On the optimal size of square-lobed trailing edges in transonic flow over a backward-facing step

Controlling flow separation and reattachment in transonic conditions over a backward‐facing step (BFS) is a critical challenge with significant implications for drag, noise, and structural stability. Square‐lobed trailing edges have emerged as a promising passive flow control strategy. In this study, we extend previous research by investigating an unprecedented range of lobe protrusion heights (LPH), from the traditional 0.4ℎ up to 1.0ℎ. To determine whether larger geometries offer additional performance benefits.
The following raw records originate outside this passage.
lemma inner_cofactor_vec: "cofactor_vec M j \<bullet> x = det (\<chi> i. if i = j then x else M $ i)"
proof -
  define F where "F x = det (\<chi> i. if i = j then x else M $ i)" for x
  have "linear F"
  proof (rule linearI)
    show "F (x + y) = F x + F y" for x y
      unfolding F_def using det_row_add[of j "\<lambda>_. x" "\<lambda>_. y" "\<lambda>i. M $ i"] by simp
    show "F (c *\<^sub>R x) = c *\<^sub>R F x" for c x
      unfolding F_def using det_row_mul[of j c "\<lambda>_. x" "\<lambda>i. M $ i"]
      unfolding scalar_mult_eq_scaleR by simp
  qed
  have "F x = F (\<Sum>k\<in>UNIV. x $ k *\<^sub>R axis k 1)"
    using basis_expansion[of x] by (simp add: scalar_mult_eq_scaleR)
  also have "\<dots> = (\<Sum>k\<in>UNIV. x $ k * F (axis k 1))"
    by (simp add: linear_sum[OF \<open>linear F\<close>] linear_scale[OF \<open>linear F\<close>])
  also have "\<dots> = cofactor_vec M j \<bullet> x"
    by (simp add: cofactor_vec_def F_def inner_vec_def mult.commute)
  finally show ?thesis by (simp add: F_def)
qed

lemma cofactor_vec_in_int_vecs:
  assumes "\<And>i. M $ i \<in> int_vecs"
  shows "cofactor_vec M j \<in> int_vecs"
  using assms unfolding int_vecs_def cofactor_vec_def
  by (auto intro!: det_in_Ints simp: axis_def)

lemma exists_int_vec_orthogonal_to_basis_but_one:
  fixes B :: "(real^'k) set"
  assumes "B \<subseteq> int_vecs" "independent B" "span B = UNIV" "e \<in> B"
  shows "\<exists>v\<in>int_vecs. v \<bullet> e \<noteq> 0 \<and> (\<forall>u\<in>B - {e}. v \<bullet> u = 0)"
proof -
  have "card B = CARD('k)"
    using basis_card_eq_dim[of B UNIV] assms(2,3) by simp
  then obtain h where h: "bij_betw h (UNIV :: 'k set) B"
    using finite_same_card_bij[of "UNIV :: 'k set" B] finiteI_independent[OF assms(2)] by auto
  then obtain j where j: "h j = e" using assms(4) unfolding bij_betw_def by blast
  define M :: "real^'k^'k" where "M = (\<chi> i. h i)"
  have "rows M = B" using h by (auto simp: rows_def row_def M_def bij_betw_def)
  then have "invertible M"
    unfolding invertible_left_inverse matrix_left_invertible_span_rows using assms(3) by simp
  then have "det M \<noteq> 0" by (simp add: invertible_det_nz)
  define v where "v = cofactor_vec M j"
  have "(\<chi> i. if i = j then e else M $ i) = M" using j by (simp add: M_def vec_eq_iff)
  then have "v \<bullet> e = det M" unfolding v_def inner_cofactor_vec by simp
  moreover have "v \<in> int_vecs"
    unfolding v_def using h assms(1) by (intro cofactor_vec_in_int_vecs) (auto simp: M_def bij_betw_def)
  moreover have "v \<bullet> u = 0" if u: "u \<in> B - {e}" for u
  proof -
    obtain i where "h i = u" using h u unfolding bij_betw_def by blast
    with u j have "i \<noteq> j" by auto
    then show ?thesis
      unfolding v_def inner_cofactor_vec using \<open>h i = u\<close>
      by (intro det_identical_rows[of i j]) (auto simp: row_def M_def)
  qed
  ultimately show ?thesis using \<open>det M \<noteq> 0\<close> by (intro bexI[of _ v]) auto
qed

lemma exists_int_vec_orthogonal:
  fixes T :: "(real^'k) set"
  assumes "T \<subseteq> int_vecs" "span T \<noteq> UNIV"
  shows "\<exists>v\<in>int_vecs - {0}. \<forall>x\<in>T. v \<bullet> x = 0"
proof -
  obtain T0 where T0: "T0 \<subseteq> T" "independent T0" "T \<subseteq> span T0"
    using maximal_independent_subset by blast
  obtain B where B: "T0 \<subseteq> B" "B \<subseteq> T \<union> Basis" "independent B" "T \<union> Basis \<subseteq> span B"
    using maximal_independent_subset_extend[of T0 "T \<union> Basis"] T0 by blast
  have "span B = UNIV"
    using B(4) span_mono[of Basis "span B"] by (auto simp: span_span)
  have "Basis \<subseteq> int_vecs" by (auto simp: Basis_vec_def int_vecs_def axis_def)
  then have "B \<subseteq> int_vecs" using B(2) assms(1) by blast
  have "\<not> B \<subseteq> T0"
  proof
    assume "B \<subseteq> T0"
    then have "span B \<subseteq> span T0" by (rule span_mono)
    then have "span T0 = UNIV" using \<open>span B = UNIV\<close> by auto
    then show False using assms(2) span_mono[OF T0(1)] by auto
  qed
  then obtain e where e: "e \<in> B" "e \<notin> T0" by blast
  obtain v where v: "v \<in> int_vecs" "v \<bullet> e \<noteq> 0" "\<forall>u\<in>B - {e}. v \<bullet> u = 0"
    using exists_int_vec_orthogonal_to_basis_but_one[OF \<open>B \<subseteq> int_vecs\<close> B(3) \<open>span B = UNIV\<close> e(1)] by blast
  have "v \<bullet> x = 0" if "x \<in> T" for x
  proof -
    have "x \<in> span (B - {e})" using that T0(3) span_mono[of T0 "B - {e}"] B(1) e(2) by blast
    then show ?thesis using v(3) orthogonal_to_span[of x "B - {e}" v] by (simp add: orthogonal_def inner_commute)
  qed
  moreover have "v \<noteq> 0" using v(2) by auto
  ultimately show ?thesis using v(1) by blast
qed

lemma lattice_width_convex_hull_flat:
  fixes L :: "(real^'k) set"
  assumes "L \<subseteq> int_vecs" "L \<noteq> {}" "interior (convex hull L) = {}"
  shows "lattice_width (convex hull L) \<le> 0"
proof -
  obtain a where "a \<in> L" using assms(2) by blast
  have "affine hull L \<noteq> UNIV"
  proof
    assume "affine hull L = UNIV"
    then have "rel_interior (convex hull L) = interior (convex hull L)"
      by (intro rel_interior_interior) simp
    moreover have "rel_interior (convex hull L) \<noteq> {}"
      using assms(2) by (simp add: rel_interior_eq_empty)
    ultimately show False using assms(3) by simp
  qed
  then have "span ((\<lambda>x. -a + x) ` L) \<noteq> UNIV"
    using affine_hull_span_gen[OF hull_inc[OF \<open>a \<in> L\<close>]] by (metis surj_plus)
  moreover have "(\<lambda>x. -a + x) ` L \<subseteq> int_vecs"
    using assms(1) \<open>a \<in> L\<close> int_vecs_diff by fastforce
  ultimately have "\<exists>v\<in>int_vecs - {0}. \<forall>x\<in>(\<lambda>x. -a + x) ` L. v \<bullet> x = 0"
    by (intro exists_int_vec_orthogonal)
  then obtain v where v: "v \<in> int_vecs - {0}" "\<forall>x\<in>(\<lambda>x. -a + x) ` L. v \<bullet> x = 0"
    by (elim bexE)
  have "convex hull L \<subseteq> {x. v \<bullet> x = v \<bullet> a}"
    using v(2) by (intro hull_minimal convex_hyperplane) (auto simp: inner_simps)
  then have "(SUP x\<in>convex hull L. ereal (v \<bullet> x)) - (INF x\<in>convex hull L. ereal (v \<bullet> x)) = 0"
    using assms(2) by (simp add: SUP_eq_const INF_eq_const subset_eq)
  then show ?thesis
    unfolding lattice_width_def
    using INF_lower[OF v(1), of "\<lambda>v. (SUP x\<in>convex hull L. ereal (v \<bullet> x)) - (INF x\<in>convex hull L. ereal (v \<bullet> x))"]
    by simp
qed

lemma affine_map_convex_combination:
  assumes "affine_map \<sigma>"
  shows "\<sigma> ((1 - s) *\<^sub>R x + s *\<^sub>R y) = (1 - s) *\<^sub>R \<sigma> x + s *\<^sub>R \<sigma> y"
proof -
  obtain f c where "linear f" "\<And>x. \<sigma> x = f x + c" using assms unfolding affine_map_def by blast
  then show ?thesis by (simp add: linear_add linear_scale linear_diff algebra_simps)
qed

lemma affine_map_image_convex_hull:
  assumes "affine_map \<sigma>"
  shows "\<sigma> ` (convex hull S) = convex hull (\<sigma> ` S)"
proof -
  obtain f c where f: "linear f" and \<sigma>: "\<And>x. \<sigma> x = f x + c" using assms unfolding affine_map_def by blast
  have "\<sigma> ` X = (+) c ` f ` X" for X by (auto simp: \<sigma> image_image add.commute)
  then show ?thesis by (simp add: convex_hull_linear_image[OF f] convex_hull_translation)
qed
Using a combination of Reynolds-Averaged Navier–Stokes (RANS) and Detached Eddy Simulation (DES) at a transonic Mach number of 0.8 and a Reynolds number of 1.8×105, we analyse the influence of LPH on reattachment lengths and three-dimensional flow dynamics. For clarity, we differentiate between the “peak” region (upper edge) and the “valley” region (lower edge) of the step. The results indicate a significant reduction in the valley reattachment length as LPH increases, while the shortest reattachment length in the peak region occurs at LPH = 0.6ℎ, with less pronounced differences at higher LPH values. DES reveals that larger LPH configurations enhance the stability and organisation of lateral vortices, reducing chaotic flow behaviours compared to the baseline BFS.